7

I realize that reading a .csv file removes the leading zeros, but for some of my files, it maintains the leading zeros without my having to explicitly set colClasses in read.csv. On the other hand, what's confusing me is in other cases, it DOES remove the leading zeros. So my question is: in which cases does read.csv remove the leading zeros?

user3755880
  • 335
  • 4
  • 13

2 Answers2

9

The read.csv, read.table, and related functions read everything in as character strings, then depending on arguments to the function (specifically colClasses, but also others) and options the function will then try to "simplify" the columns. If enough of the column looks numeric and you have not told the function otherwise, then it will convert it to a numeric column, this will drop any leading 0's (and trailing 0's after the decimal). If there is something in the column that does not look like a number then it will not convert to numeric and either keep it as character or convert to a factor, this keeps the leading 0's. The function does not always look at the entire column to make the decision, so what may be obvious to you as not being numeric may still be converted.

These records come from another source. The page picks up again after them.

lemma euler_qexp_q_difference_power:
  fixes Q x :: real
  assumes "\<bar>Q\<bar> > 1"
  shows "euler_qexp Q (Q ^ m * x) = qpochhammer x Q m * euler_qexp Q x"
proof (induction m)
  case (Suc m)
  have "euler_qexp Q (Q ^ Suc m * x) = euler_qexp Q (Q * (Q ^ m * x))"
    by (simp add: mult.assoc)
  also have "\<dots> = (1 - Q ^ m * x) * euler_qexp Q (Q ^ m * x)"
    using assms by (intro euler_qexp_q_difference summable_euler_qexp_gt1) auto
  finally show ?case
    using Suc by (simp add: qpochhammer_Suc mult_ac)
qed simp

lemma isCont_euler_qexp:
  fixes Q x z :: real
  assumes "summable (\<lambda>n. z ^ n / qpochhammer Q Q n)" and "\<bar>x\<bar> < \<bar>z\<bar>"
  shows "isCont (euler_qexp Q) x"
proof -
  have "euler_qexp Q = (\<lambda>x. \<Sum>n. inverse (qpochhammer Q Q n) * x ^ n)"
    by (intro ext) (simp add: euler_qexp_def divide_inverse mult.commute)
  moreover have "summable (\<lambda>n. inverse (qpochhammer Q Q n) * z ^ n)"
    using assms(1) by (simp add: divide_inverse mult.commute)
  ultimately show ?thesis
    using isCont_powser assms(2) by (metis real_norm_def)
qed

lemma euler_qexp_0 [simp]: "euler_qexp Q 0 = 1"
  unfolding euler_qexp_def using powser_zero[of "\<lambda>n. inverse (qpochhammer Q Q n)"]
  by (simp add: divide_inverse mult.commute)

lemma euler_qexp_inverse_mult_shift:
  fixes Q z :: real
  assumes "\<bar>Q\<bar> > 1" and "\<bar>z\<bar> < 1"
  shows "euler_qexp (inverse Q) (inverse Q * z) * euler_qexp Q (Q * (inverse Q * z))
       = euler_qexp (inverse Q) z * euler_qexp Q (Q * z)"
proof -
  have "\<bar>inverse Q\<bar> < 1"
    using assms(1) by (simp add: abs_inverse inverse_less_1_iff)
  moreover have "\<bar>inverse Q * z\<bar> \<le> \<bar>z\<bar>"
    using calculation by (simp add: abs_mult mult_left_le_one_le)
  ultimately have "euler_qexp (inverse Q) (inverse Q * z) = (1 - z) * euler_qexp (inverse Q) z"
    using assms(2) by (intro euler_qexp_q_difference summable_euler_qexp_lt1) auto
  moreover have "euler_qexp Q (Q * z) = (1 - z) * euler_qexp Q z"
    using assms(1) by (intro euler_qexp_q_difference summable_euler_qexp_gt1) auto
  moreover have "Q * (inverse Q * z) = z"
    using assms(1) by (simp add: mult.assoc[symmetric])
  ultimately show ?thesis
    by (metis mult.assoc mult.commute)
qed

lemma euler_qexp_inverse_mult:
  fixes Q y :: real
  assumes "\<bar>Q\<bar> > 1" and "\<bar>y\<bar> < 1"
  shows "euler_qexp (inverse Q) y * euler_qexp Q (Q * y) = 1"
proof -
  define p where "p = inverse Q"
  have p: "\<bar>p\<bar> < 1"
    using assms(1) by (auto simp: p_def abs_inverse inverse_less_1_iff)
  define K where "K z = euler_qexp p z * euler_qexp Q (Q * z)" for z
  have K_step: "K (p * z) = K z" if "\<bar>z\<bar> < 1" for z
    using euler_qexp_inverse_mult_shift[OF assms(1) that] by (simp add: K_def p_def)
  have "\<bar>p ^ m * y\<bar> < 1" for m
  proof -
    have "\<bar>p ^ m * y\<bar> \<le> \<bar>y\<bar>"
      using p by (simp add: abs_mult power_abs mult_left_le_one_le power_le_one)
    then show ?thesis using assms(2) by simp
  qed
  then have K_iterate: "K (p ^ m * y) = K y" for m
    by (induction m) (simp_all add: K_step mult.assoc)
  have "isCont (euler_qexp p) 0"
    using p by (intro isCont_euler_qexp[OF summable_euler_qexp_lt1[of p "1/2"]]) auto
  moreover have "isCont (euler_qexp Q) (Q * 0)"
    using assms(1) by (intro isCont_euler_qexp[OF summable_euler_qexp_gt1[of Q 1]]) auto
  ultimately have "isCont K 0"
    unfolding K_def[abs_def]
    by (intro isCont_mult isCont_o2[where f="\<lambda>z. Q * z" and g="euler_qexp Q"] continuous_intros)
  moreover have "(\<lambda>m. p ^ m * y) \<longlonglongrightarrow> 0"
    using p by (intro tendsto_mult_left_zero LIMSEQ_power_zero) simp
  ultimately have "(\<lambda>m. K (p ^ m * y)) \<longlonglongrightarrow> K 0"
    by (rule isCont_tendsto_compose)
  then have "K y = K 0"
    by (simp add: K_iterate LIMSEQ_const_iff)
  then show ?thesis
    by (simp add: K_def p_def)
qed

The safest approach (and quickest) is to specify colClasses so that R does not need to guess (and you do not need to guess what R is going to guess).

Greg Snow
  • 45,559
  • 4
  • 73
  • 98
3

Basically a supplement to @GregSnow's answer, from the manual.

All quotes from ?read.csv:

Unless colClasses is specified, all columns are read as character columns and then converted using type.convert to logical, integer, numeric, complex or (depending on as.is) factor as appropriate. Quotes are (by default) interpreted in all fields, so a column of values like "42" will result in an integer column.

Also:

The number of data columns is determined by looking at the first five lines of input...

Suggests read.csv looks at the first 5 lines and guesses whether the column is numeric/integer from there, otherwise keeps it as character (and thus keeps the leading 0).

If you're still curious of more details, I suggest you examine the code in edit(read.csv) and edit(read.table) which are long-ish but will spell out every step of what the function is doing.

Lastly, as an aside, it's generally good practice to specify colClasses:

Less memory will be used if colClasses is specified as one of the six atomic vector classes. This can be particularly so when reading a column that takes many distinct numeric values, as storing each distinct value as a character string can take up to 14 times as much memory as storing it as an integer.

Though if you're really concerned about memory usage/speed, you should really be using fread from data.table; even then, specifying colClasses engenders a speed-up.

MichaelChirico
  • 31,197
  • 13
  • 98
  • 169